▸ About this exercise
Exactly the lines from the start of the data through the line containing "reduce p (- (?c" should be output, with both ends kept and nothing added.

▸ Materials provided
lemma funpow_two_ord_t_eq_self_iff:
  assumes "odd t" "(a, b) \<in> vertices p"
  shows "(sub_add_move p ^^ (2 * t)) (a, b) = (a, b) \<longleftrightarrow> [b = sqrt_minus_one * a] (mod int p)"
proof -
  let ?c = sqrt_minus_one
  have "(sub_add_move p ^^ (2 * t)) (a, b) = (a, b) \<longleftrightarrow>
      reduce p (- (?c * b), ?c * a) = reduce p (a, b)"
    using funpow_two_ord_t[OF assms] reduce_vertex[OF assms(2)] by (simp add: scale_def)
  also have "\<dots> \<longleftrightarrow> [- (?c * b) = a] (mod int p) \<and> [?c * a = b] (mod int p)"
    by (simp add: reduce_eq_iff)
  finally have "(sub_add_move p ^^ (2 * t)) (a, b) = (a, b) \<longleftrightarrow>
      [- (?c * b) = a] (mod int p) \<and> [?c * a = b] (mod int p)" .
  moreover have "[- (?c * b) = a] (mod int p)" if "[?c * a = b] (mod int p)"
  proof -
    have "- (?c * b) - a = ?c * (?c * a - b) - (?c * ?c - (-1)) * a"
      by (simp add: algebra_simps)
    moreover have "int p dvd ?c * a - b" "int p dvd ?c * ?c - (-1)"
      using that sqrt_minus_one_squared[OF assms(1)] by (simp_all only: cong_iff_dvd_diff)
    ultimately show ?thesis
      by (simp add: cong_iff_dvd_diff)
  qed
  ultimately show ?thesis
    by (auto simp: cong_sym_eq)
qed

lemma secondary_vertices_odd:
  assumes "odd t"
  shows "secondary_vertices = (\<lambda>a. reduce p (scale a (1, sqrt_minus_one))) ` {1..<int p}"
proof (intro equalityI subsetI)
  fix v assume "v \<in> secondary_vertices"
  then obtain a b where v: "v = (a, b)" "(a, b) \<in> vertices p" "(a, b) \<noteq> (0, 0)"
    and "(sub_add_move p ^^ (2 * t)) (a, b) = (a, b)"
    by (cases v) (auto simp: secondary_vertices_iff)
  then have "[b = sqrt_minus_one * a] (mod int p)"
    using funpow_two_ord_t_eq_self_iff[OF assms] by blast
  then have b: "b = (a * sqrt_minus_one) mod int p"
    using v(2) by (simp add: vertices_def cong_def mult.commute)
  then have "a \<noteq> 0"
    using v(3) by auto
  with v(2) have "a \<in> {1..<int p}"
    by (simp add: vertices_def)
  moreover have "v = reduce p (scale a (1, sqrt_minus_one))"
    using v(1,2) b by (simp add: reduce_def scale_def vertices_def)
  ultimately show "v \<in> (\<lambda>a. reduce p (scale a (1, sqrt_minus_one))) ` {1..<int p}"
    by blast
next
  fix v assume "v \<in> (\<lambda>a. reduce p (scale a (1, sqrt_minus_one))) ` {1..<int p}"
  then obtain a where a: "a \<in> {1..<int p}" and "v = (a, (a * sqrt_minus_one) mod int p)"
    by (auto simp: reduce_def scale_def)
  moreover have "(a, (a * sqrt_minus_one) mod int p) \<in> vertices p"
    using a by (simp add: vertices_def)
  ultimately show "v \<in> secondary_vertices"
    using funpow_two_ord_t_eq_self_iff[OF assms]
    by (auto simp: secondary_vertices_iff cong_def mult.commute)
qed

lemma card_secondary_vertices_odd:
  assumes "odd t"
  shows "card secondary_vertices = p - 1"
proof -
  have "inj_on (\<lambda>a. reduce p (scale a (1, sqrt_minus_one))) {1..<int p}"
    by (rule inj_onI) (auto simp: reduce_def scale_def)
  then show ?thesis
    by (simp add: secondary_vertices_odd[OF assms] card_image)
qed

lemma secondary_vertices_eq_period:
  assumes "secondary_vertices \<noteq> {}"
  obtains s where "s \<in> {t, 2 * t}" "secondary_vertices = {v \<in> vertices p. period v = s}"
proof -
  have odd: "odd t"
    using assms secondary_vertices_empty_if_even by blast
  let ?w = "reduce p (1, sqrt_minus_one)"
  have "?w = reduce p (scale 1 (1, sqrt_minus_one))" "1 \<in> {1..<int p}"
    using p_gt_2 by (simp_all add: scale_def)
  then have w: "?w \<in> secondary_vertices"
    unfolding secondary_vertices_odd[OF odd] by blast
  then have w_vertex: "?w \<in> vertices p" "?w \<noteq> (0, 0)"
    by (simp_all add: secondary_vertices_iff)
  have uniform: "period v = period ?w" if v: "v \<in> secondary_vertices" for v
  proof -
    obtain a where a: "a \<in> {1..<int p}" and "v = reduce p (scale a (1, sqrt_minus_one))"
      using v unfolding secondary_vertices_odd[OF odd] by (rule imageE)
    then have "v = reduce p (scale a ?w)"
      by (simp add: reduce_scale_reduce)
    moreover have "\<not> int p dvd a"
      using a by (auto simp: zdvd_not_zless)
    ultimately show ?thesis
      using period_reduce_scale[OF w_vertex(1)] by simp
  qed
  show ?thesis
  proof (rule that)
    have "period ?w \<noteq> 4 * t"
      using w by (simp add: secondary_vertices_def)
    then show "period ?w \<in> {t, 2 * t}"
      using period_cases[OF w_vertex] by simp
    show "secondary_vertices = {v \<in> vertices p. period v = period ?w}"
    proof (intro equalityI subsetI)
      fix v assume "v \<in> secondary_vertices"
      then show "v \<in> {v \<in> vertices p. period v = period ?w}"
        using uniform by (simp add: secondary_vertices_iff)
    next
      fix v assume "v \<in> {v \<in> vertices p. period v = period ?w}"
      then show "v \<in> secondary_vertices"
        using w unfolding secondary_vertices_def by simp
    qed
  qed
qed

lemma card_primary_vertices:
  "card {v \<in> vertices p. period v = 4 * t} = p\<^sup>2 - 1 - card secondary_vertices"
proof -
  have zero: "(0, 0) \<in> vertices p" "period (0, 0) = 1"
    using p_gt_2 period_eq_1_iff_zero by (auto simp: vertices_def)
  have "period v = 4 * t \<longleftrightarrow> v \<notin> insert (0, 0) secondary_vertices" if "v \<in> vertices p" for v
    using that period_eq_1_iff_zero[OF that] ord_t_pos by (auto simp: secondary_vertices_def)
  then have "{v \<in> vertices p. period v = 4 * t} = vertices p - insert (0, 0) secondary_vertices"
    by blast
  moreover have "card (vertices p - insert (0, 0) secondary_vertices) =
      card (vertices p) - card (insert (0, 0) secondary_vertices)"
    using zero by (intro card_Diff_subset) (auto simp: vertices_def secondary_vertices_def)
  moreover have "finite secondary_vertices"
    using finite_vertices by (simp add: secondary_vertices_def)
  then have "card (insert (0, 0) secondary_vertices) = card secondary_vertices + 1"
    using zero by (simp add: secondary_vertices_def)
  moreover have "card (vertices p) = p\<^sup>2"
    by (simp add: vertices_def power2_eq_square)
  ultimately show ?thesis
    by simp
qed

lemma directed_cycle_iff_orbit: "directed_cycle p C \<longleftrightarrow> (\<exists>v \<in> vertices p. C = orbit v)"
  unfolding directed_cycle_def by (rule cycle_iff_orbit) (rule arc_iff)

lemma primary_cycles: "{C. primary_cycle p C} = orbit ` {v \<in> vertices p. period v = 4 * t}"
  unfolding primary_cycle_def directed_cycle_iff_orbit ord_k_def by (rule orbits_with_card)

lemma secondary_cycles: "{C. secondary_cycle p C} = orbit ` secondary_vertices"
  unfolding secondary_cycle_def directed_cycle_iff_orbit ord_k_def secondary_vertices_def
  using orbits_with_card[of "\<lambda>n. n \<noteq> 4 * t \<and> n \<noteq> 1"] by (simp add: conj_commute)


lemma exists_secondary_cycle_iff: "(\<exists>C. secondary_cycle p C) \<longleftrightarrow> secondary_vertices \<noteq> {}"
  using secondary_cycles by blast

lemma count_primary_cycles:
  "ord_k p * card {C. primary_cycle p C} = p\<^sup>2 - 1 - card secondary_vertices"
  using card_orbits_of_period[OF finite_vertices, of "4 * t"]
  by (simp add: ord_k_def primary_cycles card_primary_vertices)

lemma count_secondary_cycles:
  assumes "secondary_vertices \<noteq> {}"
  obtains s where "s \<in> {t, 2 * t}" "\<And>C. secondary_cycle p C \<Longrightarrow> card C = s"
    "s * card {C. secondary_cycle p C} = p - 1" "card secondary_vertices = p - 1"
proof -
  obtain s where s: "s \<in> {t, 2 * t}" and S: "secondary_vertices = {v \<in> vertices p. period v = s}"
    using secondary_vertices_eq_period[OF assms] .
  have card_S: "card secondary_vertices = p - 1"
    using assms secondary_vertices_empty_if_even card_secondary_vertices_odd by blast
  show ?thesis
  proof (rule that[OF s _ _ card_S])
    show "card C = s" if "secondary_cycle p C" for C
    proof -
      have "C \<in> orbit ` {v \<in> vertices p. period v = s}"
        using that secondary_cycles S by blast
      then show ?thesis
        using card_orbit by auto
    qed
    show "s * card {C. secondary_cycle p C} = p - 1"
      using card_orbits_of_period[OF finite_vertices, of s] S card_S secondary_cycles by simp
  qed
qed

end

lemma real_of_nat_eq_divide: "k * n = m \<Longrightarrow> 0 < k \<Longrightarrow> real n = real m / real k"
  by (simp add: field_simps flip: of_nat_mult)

▸ Response to the exercise
lemma funpow_two_ord_t_eq_self_iff:
  assumes "odd t" "(a, b) \<in> vertices p"
  shows "(sub_add_move p ^^ (2 * t)) (a, b) = (a, b) \<longleftrightarrow> [b = sqrt_minus_one * a] (mod int p)"
proof -
  let ?c = sqrt_minus_one
  have "(sub_add_move p ^^ (2 * t)) (a, b) = (a, b) \<longleftrightarrow>
      reduce p (- (?c * b), ?c * a) = reduce p (a, b)"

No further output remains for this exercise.